Take the lines below beginning at the line that has "using q_to_r_eq_cone[OF b(1)]" and stopping after the line that has "unfolding Pair B_map_eq_sum_B_index", and print them exactly as they are, with no other lines.
(DATASET EXCERPTS Opens)
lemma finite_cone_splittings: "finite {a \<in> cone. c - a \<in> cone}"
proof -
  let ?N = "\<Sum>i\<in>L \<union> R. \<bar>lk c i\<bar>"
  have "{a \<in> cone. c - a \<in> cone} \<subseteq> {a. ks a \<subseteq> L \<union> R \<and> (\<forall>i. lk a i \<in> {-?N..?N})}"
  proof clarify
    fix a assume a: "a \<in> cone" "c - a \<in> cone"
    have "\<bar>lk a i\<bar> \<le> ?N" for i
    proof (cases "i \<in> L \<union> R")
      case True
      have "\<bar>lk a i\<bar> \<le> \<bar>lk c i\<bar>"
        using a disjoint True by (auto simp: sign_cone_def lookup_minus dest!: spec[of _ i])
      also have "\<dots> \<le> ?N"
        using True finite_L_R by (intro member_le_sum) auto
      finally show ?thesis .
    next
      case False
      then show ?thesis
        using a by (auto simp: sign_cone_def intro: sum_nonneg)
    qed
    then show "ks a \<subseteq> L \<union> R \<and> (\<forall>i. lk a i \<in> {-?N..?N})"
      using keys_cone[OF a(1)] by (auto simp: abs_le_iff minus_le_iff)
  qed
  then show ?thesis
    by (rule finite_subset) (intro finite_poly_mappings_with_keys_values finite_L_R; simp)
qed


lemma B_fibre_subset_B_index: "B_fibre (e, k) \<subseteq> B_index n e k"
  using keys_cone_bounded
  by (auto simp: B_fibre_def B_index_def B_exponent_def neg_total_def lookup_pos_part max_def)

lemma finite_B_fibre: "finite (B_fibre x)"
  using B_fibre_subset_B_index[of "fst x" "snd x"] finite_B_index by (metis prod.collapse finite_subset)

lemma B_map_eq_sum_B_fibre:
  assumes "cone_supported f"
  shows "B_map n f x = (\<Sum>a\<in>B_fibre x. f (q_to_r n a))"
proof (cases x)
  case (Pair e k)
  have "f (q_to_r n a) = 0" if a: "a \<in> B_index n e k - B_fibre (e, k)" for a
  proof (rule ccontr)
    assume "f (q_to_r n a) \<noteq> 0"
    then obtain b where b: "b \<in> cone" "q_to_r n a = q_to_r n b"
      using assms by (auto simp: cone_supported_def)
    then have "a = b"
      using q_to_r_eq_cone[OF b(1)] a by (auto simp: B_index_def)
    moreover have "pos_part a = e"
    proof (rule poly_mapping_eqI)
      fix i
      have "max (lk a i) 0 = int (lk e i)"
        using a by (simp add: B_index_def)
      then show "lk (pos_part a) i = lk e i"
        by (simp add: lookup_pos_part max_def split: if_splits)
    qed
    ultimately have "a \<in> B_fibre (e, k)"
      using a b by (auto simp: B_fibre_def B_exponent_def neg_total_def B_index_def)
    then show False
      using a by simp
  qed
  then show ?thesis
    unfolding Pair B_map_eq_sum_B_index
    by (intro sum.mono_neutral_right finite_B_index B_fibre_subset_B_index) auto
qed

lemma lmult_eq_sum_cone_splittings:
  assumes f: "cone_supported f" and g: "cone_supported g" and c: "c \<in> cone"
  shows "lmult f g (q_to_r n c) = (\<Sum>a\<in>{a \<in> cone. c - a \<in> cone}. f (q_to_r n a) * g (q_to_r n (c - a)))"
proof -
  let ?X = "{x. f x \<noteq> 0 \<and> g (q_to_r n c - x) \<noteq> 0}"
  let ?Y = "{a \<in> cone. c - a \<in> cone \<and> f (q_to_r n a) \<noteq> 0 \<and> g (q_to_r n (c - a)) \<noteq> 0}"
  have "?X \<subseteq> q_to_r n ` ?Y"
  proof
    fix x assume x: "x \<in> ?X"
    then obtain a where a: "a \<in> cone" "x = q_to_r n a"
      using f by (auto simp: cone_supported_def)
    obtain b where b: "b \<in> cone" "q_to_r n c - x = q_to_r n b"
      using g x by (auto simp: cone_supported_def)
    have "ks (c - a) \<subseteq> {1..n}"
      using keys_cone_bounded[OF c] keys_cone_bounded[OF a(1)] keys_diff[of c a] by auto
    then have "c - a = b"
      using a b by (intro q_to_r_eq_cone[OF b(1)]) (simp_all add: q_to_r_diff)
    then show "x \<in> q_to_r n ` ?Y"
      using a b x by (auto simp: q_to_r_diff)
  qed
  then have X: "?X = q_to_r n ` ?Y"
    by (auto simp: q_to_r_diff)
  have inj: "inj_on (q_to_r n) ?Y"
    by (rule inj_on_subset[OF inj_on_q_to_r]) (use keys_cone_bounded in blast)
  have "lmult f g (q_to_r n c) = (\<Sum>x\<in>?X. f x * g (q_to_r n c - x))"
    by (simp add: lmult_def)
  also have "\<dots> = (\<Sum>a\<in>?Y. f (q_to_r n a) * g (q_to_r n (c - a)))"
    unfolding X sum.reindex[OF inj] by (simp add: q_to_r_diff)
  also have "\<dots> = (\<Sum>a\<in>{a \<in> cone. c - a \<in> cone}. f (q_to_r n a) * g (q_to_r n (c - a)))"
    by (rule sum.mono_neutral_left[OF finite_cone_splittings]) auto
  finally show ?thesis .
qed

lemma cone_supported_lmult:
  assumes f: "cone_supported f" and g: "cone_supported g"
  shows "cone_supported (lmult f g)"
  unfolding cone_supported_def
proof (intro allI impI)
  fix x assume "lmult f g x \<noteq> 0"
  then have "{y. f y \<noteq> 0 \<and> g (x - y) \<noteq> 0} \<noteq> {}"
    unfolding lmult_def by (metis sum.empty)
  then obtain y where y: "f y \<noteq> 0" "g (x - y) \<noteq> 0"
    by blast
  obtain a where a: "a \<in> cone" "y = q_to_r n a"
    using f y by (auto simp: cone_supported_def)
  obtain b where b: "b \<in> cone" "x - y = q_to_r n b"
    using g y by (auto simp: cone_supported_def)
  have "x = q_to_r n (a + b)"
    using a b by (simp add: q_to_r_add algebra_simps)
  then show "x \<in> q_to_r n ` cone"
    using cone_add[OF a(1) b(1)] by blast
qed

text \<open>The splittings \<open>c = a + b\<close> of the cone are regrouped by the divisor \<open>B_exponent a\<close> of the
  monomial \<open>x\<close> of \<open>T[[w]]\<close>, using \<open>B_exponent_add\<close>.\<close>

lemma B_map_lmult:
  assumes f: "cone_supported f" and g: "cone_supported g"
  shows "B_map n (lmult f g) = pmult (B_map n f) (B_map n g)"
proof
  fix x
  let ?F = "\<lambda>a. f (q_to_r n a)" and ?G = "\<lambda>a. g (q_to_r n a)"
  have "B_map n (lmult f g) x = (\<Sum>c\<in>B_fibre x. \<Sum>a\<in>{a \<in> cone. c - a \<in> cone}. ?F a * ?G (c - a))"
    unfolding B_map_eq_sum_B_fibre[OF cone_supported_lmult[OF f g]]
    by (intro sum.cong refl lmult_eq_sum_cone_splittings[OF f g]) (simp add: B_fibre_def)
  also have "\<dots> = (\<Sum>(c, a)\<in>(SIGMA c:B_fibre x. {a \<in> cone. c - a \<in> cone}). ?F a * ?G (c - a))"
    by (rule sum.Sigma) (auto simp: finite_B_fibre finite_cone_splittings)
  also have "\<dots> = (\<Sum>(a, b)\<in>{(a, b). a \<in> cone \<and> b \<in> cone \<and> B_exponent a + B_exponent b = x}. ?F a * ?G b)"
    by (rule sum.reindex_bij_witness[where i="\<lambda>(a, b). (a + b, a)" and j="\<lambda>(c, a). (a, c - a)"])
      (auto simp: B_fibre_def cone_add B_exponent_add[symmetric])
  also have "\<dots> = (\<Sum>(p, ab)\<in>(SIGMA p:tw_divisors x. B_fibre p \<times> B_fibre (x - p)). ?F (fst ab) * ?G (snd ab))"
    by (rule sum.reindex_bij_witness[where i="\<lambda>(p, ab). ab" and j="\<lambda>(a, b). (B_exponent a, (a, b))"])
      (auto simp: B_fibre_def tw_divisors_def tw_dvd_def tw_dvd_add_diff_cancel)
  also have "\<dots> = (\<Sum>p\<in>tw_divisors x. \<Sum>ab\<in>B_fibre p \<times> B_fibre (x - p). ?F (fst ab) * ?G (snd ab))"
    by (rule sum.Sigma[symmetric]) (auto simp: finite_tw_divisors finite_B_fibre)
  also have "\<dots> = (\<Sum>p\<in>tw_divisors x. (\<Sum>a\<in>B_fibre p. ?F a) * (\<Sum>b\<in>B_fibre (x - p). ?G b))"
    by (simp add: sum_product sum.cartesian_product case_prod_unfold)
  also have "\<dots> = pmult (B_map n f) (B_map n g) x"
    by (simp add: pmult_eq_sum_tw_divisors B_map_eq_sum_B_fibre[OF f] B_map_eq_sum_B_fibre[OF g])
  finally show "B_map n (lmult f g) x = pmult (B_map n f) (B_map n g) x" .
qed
(DATASET EXCERPTS Closes)
ANSWER SECTION
      using q_to_r_eq_cone[OF b(1)] a by (auto simp: B_index_def)
    moreover have "pos_part a = e"
    proof (rule poly_mapping_eqI)
      fix i
      have "max (lk a i) 0 = int (lk e i)"
        using a by (simp add: B_index_def)
      then show "lk (pos_part a) i = lk e i"
        by (simp add: lookup_pos_part max_def split: if_splits)
    qed
    ultimately have "a \<in> B_fibre (e, k)"
      using a b by (auto simp: B_fibre_def B_exponent_def neg_total_def B_index_def)
    then show False
      using a by simp
  qed
  then show ?thesis
    unfolding Pair B_map_eq_sum_B_index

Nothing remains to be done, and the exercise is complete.